Yeah, yeah, all well and good, you can write simple programs to access a toy web service. What about the real world? Ok, how about using NSDL to access Amazon?

With an appropriate description, we can write a short program to access Amazon books by author:

#!/usr/bin/perl -w -- # -*- Perl -*-

use NSDL::Request;

my $usage = "$0 amazonid author\n";

my $amazonid = shift @ARGV || die $usage;
my $author = shift @ARGV || die $usage;

my $req = new NSDL::Request();
$req->load('amazon.nsd');

my $res = $req->booksbyauthor($amazonid, $author);

printf "Amazon query returned %d results in %1.2fs:\n",
    $res->count(), $res->time();

my $titles = $res->titles();
if (ref $titles) {
    my $count = 1;
    foreach my $title (@{$titles}) {
	print "\t$count. $title\n";
	$count++;
    }
} else {
    print "\t$titles\n";
}

If you ask for books by Norman Walsh today, you get:

Amazon query returned 5 results in 0.07s:
        1. DocBook: The Definitive Guide (O'Reilly XML)
        2. Forensic Nursing and Mental Disorder in Clinical Practice
        3. Agent-Mediated Electronic Commerce IV. Designing Mechanisms and Systems : AAMAS 2002 Workshop on Agent Mediated Electronic Commerce, Bologna, Italy, J ... e / Lecture Notes in Artificial Intelligence)
        4. Docbook la reference
        5. Making TeX Work (A Nutshell Handbook)

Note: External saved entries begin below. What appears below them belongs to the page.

lemma submonoid_nat_atomic:
  assumes "submonoid_nat M" "x \<in> M"
  shows "\<exists>X. set_mset X \<subseteq> atoms M \<and> sum_mset X = x"
  using assms(2)
proof (induction "sum (($) x) UNIV" arbitrary: x rule: less_induct)
  case less
  show ?case
  proof (cases "x = 0 \<or> x \<in> atoms M")
    case True
    then show ?thesis
    proof
      assume "x = 0"
      then show ?thesis by (intro exI[of _ "{#}"]) simp
    next
      assume "x \<in> atoms M"
      then show ?thesis by (intro exI[of _ "{#x#}"]) simp
    qed
  next
    case False
    with less.prems obtain b c where bc: "b \<in> M" "c \<in> M" "b \<noteq> 0" "c \<noteq> 0" "x = b + c"
      unfolding atoms_def by auto
    have coord_sum_pos: "0 < sum (($) y) UNIV" if "y \<noteq> 0" for y :: "nat^'a"
      using that by (auto simp: vec_eq_iff intro: gr0I)
    have "sum (($) x) UNIV = sum (($) b) UNIV + sum (($) c) UNIV"
      using bc(5) by (simp add: sum.distrib)
    then have "sum (($) b) UNIV < sum (($) x) UNIV" "sum (($) c) UNIV < sum (($) x) UNIV"
      using coord_sum_pos[OF bc(3)] coord_sum_pos[OF bc(4)] by linarith+
    then obtain B C where "set_mset B \<subseteq> atoms M" "sum_mset B = b"
      "set_mset C \<subseteq> atoms M" "sum_mset C = c"
      using less.hyps bc(1,2) by meson
    then show ?thesis
      using bc(5) by (intro exI[of _ "B + C"]) auto
  qed
qed

lemma is_UFM_iff_sum_mset_inj:
  assumes "submonoid_nat M"
  shows "is_UFM M \<longleftrightarrow> (\<forall>X Y. set_mset X \<subseteq> atoms M \<longrightarrow> set_mset Y \<subseteq> atoms M \<longrightarrow>
      sum_mset X = sum_mset Y \<longrightarrow> X = Y)"
proof
  assume UFM: "is_UFM M"
  show "\<forall>X Y. set_mset X \<subseteq> atoms M \<longrightarrow> set_mset Y \<subseteq> atoms M \<longrightarrow>
      sum_mset X = sum_mset Y \<longrightarrow> X = Y"
  proof (intro allI impI)
    fix X Y assume X: "set_mset X \<subseteq> atoms M" and Y: "set_mset Y \<subseteq> atoms M"
      and XY: "sum_mset X = sum_mset Y"
    have "sum_mset X \<in> M"
      using X atoms_subset sum_mset_mem_submonoid_nat[OF assms] by blast
    with UFM have unique: "\<exists>!Z. set_mset Z \<subseteq> atoms M \<and> sum_mset Z = sum_mset X"
      unfolding is_UFM_def by blast
    show "X = Y"
      using the1_equality[OF unique, of X] the1_equality[OF unique, of Y] X Y XY by simp
  qed
next
  assume inj: "\<forall>X Y. set_mset X \<subseteq> atoms M \<longrightarrow> set_mset Y \<subseteq> atoms M \<longrightarrow>
      sum_mset X = sum_mset Y \<longrightarrow> X = Y"
  show "is_UFM M"
    unfolding is_UFM_def
  proof
    fix x assume "x \<in> M"
    then obtain X where "set_mset X \<subseteq> atoms M" "sum_mset X = x"
      using submonoid_nat_atomic[OF assms] by blast
    with inj show "\<exists>!X. set_mset X \<subseteq> atoms M \<and> sum_mset X = x"
      by (intro ex1I[of _ X]) auto
  qed
qed

lemma atoms_divisor_closed:
  assumes "N \<subseteq> M" and divisor_closed: "\<And>b c. b \<in> M \<Longrightarrow> c \<in> M \<Longrightarrow> b + c \<in> N \<Longrightarrow> b \<in> N"
  shows "atoms N = atoms M \<inter> N"
proof -
  have summands: "b \<in> N \<and> c \<in> N" if "b \<in> M" "c \<in> M" "b + c \<in> N" for b c
    using divisor_closed[of b c] divisor_closed[of c b] that by (simp add: add.commute)
  show ?thesis
  proof
    show "atoms N \<subseteq> atoms M \<inter> N"
      using assms(1) summands unfolding atoms_def by blast
    show "atoms M \<inter> N \<subseteq> atoms N"
      using assms(1) unfolding atoms_def by blast
  qed
qed

lemma is_UFM_divisor_closed:
  assumes "submonoid_nat M" "is_UFM M" "N \<subseteq> M"
    and divisor_closed: "\<And>b c. b \<in> M \<Longrightarrow> c \<in> M \<Longrightarrow> b + c \<in> N \<Longrightarrow> b \<in> N"
  shows "is_UFM N"
  unfolding is_UFM_def
proof
  fix x assume "x \<in> N"
  with assms(3) have "x \<in> M" by blast
  with assms(2) have "\<exists>!X. set_mset X \<subseteq> atoms M \<and> sum_mset X = x"
    unfolding is_UFM_def by (rule bspec)
  then obtain X where X: "set_mset X \<subseteq> atoms M \<and> sum_mset X = x"
    and unique: "\<forall>Y. set_mset Y \<subseteq> atoms M \<and> sum_mset Y = x \<longrightarrow> Y = X"
    by (rule ex1E)
  have "a \<in> N" if "a \<in># X" for a
  proof (rule divisor_closed)
    have "set_mset X \<subseteq> M"
      using X atoms_subset[of M] by blast
    then show "a \<in> M" "sum_mset (X - {#a#}) \<in> M"
      using that sum_mset_mem_submonoid_nat[OF assms(1)] by (auto dest: in_diffD)
    show "a + sum_mset (X - {#a#}) \<in> N"
      using that X \<open>x \<in> N\<close> by (simp add: sum_mset.remove)
  qed
  moreover have atoms_N: "atoms N = atoms M \<inter> N"
    using divisor_closed by (intro atoms_divisor_closed[OF assms(3)]) blast
  ultimately have "set_mset X \<subseteq> atoms N"
    using X by blast
  moreover have "Y = X" if "set_mset Y \<subseteq> atoms N" "sum_mset Y = x" for Y
    using unique that atoms_N by blast
  ultimately show "\<exists>!X. set_mset X \<subseteq> atoms N \<and> sum_mset X = x"
    using X by blast
qed

lemma embR_add: "embR (x + y) = embR x + embR y"
  by (simp add: embR_def vec_eq_iff)

lemma inj_embR: "inj embR"
  by (auto simp: inj_def embR_def vec_eq_iff)

lemma inj_on_embR: "inj_on embR A"
  using inj_embR by (rule inj_on_subset) simp

lemma embR_sum_mset:
  assumes "finite A" "set_mset X \<subseteq> A"
  shows "embR (sum_mset X) = (\<Sum>a\<in>A. real (count X a) *\<^sub>R embR a)"
  using assms(2)
proof (induction X)
  case empty
  then show ?case by (simp add: embR_def vec_eq_iff)
next
  case (add x X)
  then have "x \<in> A" by simp
  have "(\<Sum>a\<in>A. real (count (add_mset x X) a) *\<^sub>R embR a) =
      (\<Sum>a\<in>A. real (count X a) *\<^sub>R embR a) + (\<Sum>a\<in>A. (if a = x then embR a else 0))"
    by (simp add: sum.distrib[symmetric] scaleR_add_left) (rule sum.cong; simp add: scaleR_add_left)
  also have "\<dots> = embR (sum_mset (add_mset x X))"
    using add \<open>x \<in> A\<close> assms(1) by (simp add: embR_add add.commute)
  finally show ?case ..
qed
text \<open>The \<open>a\<close>-th letter of \<open>gamma y\<close> is a position of \<open>y\<close>; the witness sends it along
  \<open>is\<close> to a position of \<open>x\<close> and takes the index of that position in \<open>gamma x\<close>.\<close>

lemma occurs_at_gamma:
  assumes occ: "occurs_at x y is"
  shows "occurs_at (gamma x) (gamma y)
           (map (\<lambda>a. perm_inv (gamma x) ! (is ! (gamma y ! a - 1)) - 1) [0..<length y])"
    (is "occurs_at ?\<pi> ?\<rho> ?js")
proof -
  let ?e = "\<lambda>a. is ! (?\<rho> ! a - 1)"
  have len: "length is = length y" and strict: "sorted_wrt (<) is"
    and bound: "\<forall>i\<in>set is. i < length x"
    using occ by (auto simp: occurs_at_def)
  have \<rho>: "?\<rho> ! a - 1 < length y \<and> Suc (?\<rho> ! a - 1) = ?\<rho> ! a" if "a < length y" for a
    using is_perm_nth[OF is_perm_gamma, of a y] that by auto
  have e: "?e a < length x" if "a < length y" for a
    using bound \<rho>[OF that] len by simp
  have js: "?js ! a = perm_inv ?\<pi> ! ?e a - 1 \<and> perm_inv ?\<pi> ! ?e a \<ge> 1 \<and>
      ?js ! a < length x \<and> ?\<pi> ! (?js ! a) = Suc (?e a)"
    if "a < length y" for a
    using perm_inv_nth[OF is_perm_gamma, of "?e a" x] e[OF that] that by auto
  have "sorted_wrt (<) ?js"
  proof (unfold sorted_wrt_iff_nth_less, intro allI impI)
    fix a b assume "a < b" "b < length ?js"
    then have ab: "a < length y" "b < length y" "a < b" by auto
    have "gamma_key y (?\<rho> ! a) < gamma_key y (?\<rho> ! b)"
      using strict_sorted_nth_less_iff[OF strict_sorted_gamma_key, of a y b] ab by simp
    then have "gamma_key x (Suc (?e a)) < gamma_key x (Suc (?e b))"
      using occurs_at_gamma_key_less_iff[OF occ, of "?\<rho> ! a - 1" "?\<rho> ! b - 1"] \<rho>[OF ab(1)] \<rho>[OF ab(2)]
      by simp
    then have "perm_inv ?\<pi> ! ?e a < perm_inv ?\<pi> ! ?e b"
      using perm_inv_gamma_less_iff e ab by blast
    then show "?js ! a < ?js ! b"
      using js[OF ab(1)] js[OF ab(2)] by linarith
  qed
  moreover have "(?\<pi> ! (?js ! a) < ?\<pi> ! (?js ! b) \<longleftrightarrow> ?\<rho> ! a < ?\<rho> ! b) \<and>
      (?\<pi> ! (?js ! a) = ?\<pi> ! (?js ! b) \<longleftrightarrow> ?\<rho> ! a = ?\<rho> ! b)"
    if ab: "a < length y" "b < length y" for a b
  proof -
    have "?e a < ?e b \<longleftrightarrow> ?\<rho> ! a - 1 < ?\<rho> ! b - 1"
      using strict_sorted_nth_less_iff[OF strict] \<rho> ab len by simp
    moreover have "?e a = ?e b \<longleftrightarrow> ?\<rho> ! a - 1 = ?\<rho> ! b - 1"
      using strict \<rho> ab len by (simp add: strict_sorted_iff nth_eq_iff_index_eq)
    moreover have "?\<pi> ! (?js ! a) = Suc (?e a)" "?\<pi> ! (?js ! b) = Suc (?e b)"
      using js ab by blast+
    ultimately show ?thesis
      using \<rho>[OF ab(1)] \<rho>[OF ab(2)] by (simp only:) linarith
  qed
  moreover have "\<forall>j\<in>set ?js. j < length ?\<pi>"
    using js by (auto simp: in_set_conv_nth)
  ultimately show ?thesis
    by (simp add: occurs_at_def)
qed

lemma contains_gamma: "contains x y \<Longrightarrow> contains (gamma x) (gamma y)"
  using occurs_at_gamma by (meson contains_iff_occurs_at)

section \<open>Weakly increasing Cayley words\<close>

definition plateaus :: "nat list \<Rightarrow> nat set" where
  "plateaus v = {i. Suc i < length v \<and> v ! i = v ! Suc i}"

definition stair :: "nat set \<Rightarrow> nat \<Rightarrow> nat" where
  "stair S j = Suc (card ({..<j} - S))"

lemma stair_0 [simp]: "stair S 0 = 1"
  by (simp add: stair_def)

lemma stair_Suc: "stair S (Suc j) = (if j \<in> S then stair S j else Suc (stair S j))"
proof -
  have "{..<Suc j} - S = (if j \<in> S then {..<j} - S else insert j ({..<j} - S))"
    by (auto simp: less_Suc_eq)
  then show ?thesis
    by (simp add: stair_def)
qed

lemma mono_stair: "mono (stair S)"
  by (auto intro!: monoI card_mono simp: stair_def)

lemma stair_image: "stair S ` {..<Suc m} = {1..stair S m}"
proof (induction m)
  case 0
  then show ?case by (simp add: lessThan_Suc)
next
  case (Suc m)
  have "stair S ` {..<Suc (Suc m)} = insert (stair S (Suc m)) {1..stair S m}"
    by (simp only: lessThan_Suc[of "Suc m"] image_insert Suc.IH)
  also have "\<dots> = {1..stair S (Suc m)}"
    using monoD[OF mono_stair, of 0 m S] by (auto simp: stair_Suc)
  finally show ?case .
qed

lemma sorted_stairs: "sorted (map (stair S) [0..<n])"
  by (simp add: sorted_iff_nth_mono monoD[OF mono_stair])

lemma set_stairs: "\<exists>m. set (map (stair S) [0..<n]) = {1..m}"
proof (cases n)
  case (Suc m)
  then have "set (map (stair S) [0..<n]) = {1..stair S m}"
    by (simp add: stair_image atLeast0LessThan del: upt_Suc)
  then show ?thesis ..
qed (intro exI[of _ 0], simp)

lemma plateaus_stairs: "plateaus (map (stair S) [0..<n]) = {i \<in> S. Suc i < n}"
  by (auto simp: plateaus_def stair_Suc simp del: upt_Suc split: if_splits)

lemma sorted_interval_nth_0:
  assumes "sorted v" "set v = {1..m}" "v \<noteq> []"
  shows "v ! 0 = 1"
proof -
  have "set v \<noteq> {}"
    using assms(3) by simp
  then have "1 \<in> set v"
    using assms(2) by auto
  then obtain b where "b < length v" "v ! b = 1"
    by (auto simp: in_set_conv_nth)
  moreover have "v ! 0 \<in> {1..m}"
    using assms by (metis length_greater_0_conv nth_mem)
  ultimately show ?thesis
    using sorted_nth_mono[OF assms(1), of 0 b] by simp
qed

lemma sorted_interval_nth_Suc_le:
  assumes "sorted v" "set v = {1..m}" "Suc j < length v"
  shows "v ! Suc j \<le> Suc (v ! j)"
proof (rule ccontr)
  assume gap: "\<not> ?thesis"
  have "v ! Suc j \<in> {1..m}"
    using assms nth_mem by blast
  with gap have "Suc (v ! j) \<in> set v"
    using assms(2) by auto
  then obtain b where b: "b < length v" "v ! b = Suc (v ! j)"
    by (auto simp: in_set_conv_nth)
  show False
  proof (cases "b \<le> j")
    case True
    then show ?thesis using sorted_nth_mono[OF assms(1), of b j] b assms(3) by simp
  next
    case False
    then show ?thesis using sorted_nth_mono[OF assms(1), of "Suc j" b] b gap by simp
  qed
qed

lemma stairs_plateaus:
  assumes "sorted v" "set v = {1..m}"
  shows "map (stair (plateaus v)) [0..<length v] = v"
proof (rule nth_equalityI)
  fix j assume "j < length (map (stair (plateaus v)) [0..<length v])"
  then have "j < length v" by simp
  then show "map (stair (plateaus v)) [0..<length v] ! j = v ! j"
  proof (induction j)
    case 0
    then show ?case using sorted_interval_nth_0[OF assms] by auto
  next
    case (Suc j)
    then have "v ! j \<le> v ! Suc j" "v ! Suc j \<le> Suc (v ! j)"
      using sorted_nth_mono[OF assms(1)] sorted_interval_nth_Suc_le[OF assms] by auto
    with Suc show ?case
      by (auto simp: stair_Suc plateaus_def simp del: upt_Suc)
  qed
qed simp

definition sorted_Cay :: "nat \<Rightarrow> nat set \<Rightarrow> nat list set" where
  "sorted_Cay n D = {v \<in> Cay n. sorted v \<and> plateaus v \<subseteq> D}"

lemma card_sorted_Cay:
  assumes "D \<subseteq> {i. Suc i < n}"
  shows "card (sorted_Cay n D) = 2 ^ card D"
proof -
  have "bij_betw (\<lambda>S. map (stair S) [0..<n]) (Pow D) (sorted_Cay n D)"
  proof (rule bij_betw_byWitness[where f' = plateaus])
    show "\<forall>S\<in>Pow D. plateaus (map (stair S) [0..<n]) = S"
      using assms by (auto simp: plateaus_stairs)
    show "\<forall>v\<in>sorted_Cay n D. map (stair (plateaus v)) [0..<n] = v"
      using stairs_plateaus by (auto simp: sorted_Cay_def Cay_def)
    show "(\<lambda>S. map (stair S) [0..<n]) ` Pow D \<subseteq> sorted_Cay n D"
      using assms sorted_stairs set_stairs
      by (auto simp: sorted_Cay_def Cay_def plateaus_stairs simp del: set_map)
    show "plateaus ` sorted_Cay n D \<subseteq> Pow D"
      by (auto simp: sorted_Cay_def)
  qed
  moreover have "finite D"
    using assms by (rule finite_subset) (auto intro: finite_subset[of _ "{..<n}"])
  ultimately show ?thesis
    by (metis bij_betw_same_card card_Pow)
qed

There. (And three out of five ain't bad, I don't think.) I'm not going to think to hard about the fact that this search turns up DocBook, electronic commerce, and mental disorder.

I've satisfied my own curiosity about a simpler web services description language. And the implementation, though definitely no more robust than a “proof of concept” wasn't that hard to cook up. Pointers to where I've gone totally off the rails are most welcome.

Comments

Nice work Norm; I was posting a comment that grew too long so I moved it to http://www.parand.com/say/?p=13 . Short version: how about specifying the template-able parts of the POST input as XPath, so you have some nice consistency, and I'd argue for removing type information, although I'm probably alone in thinking that.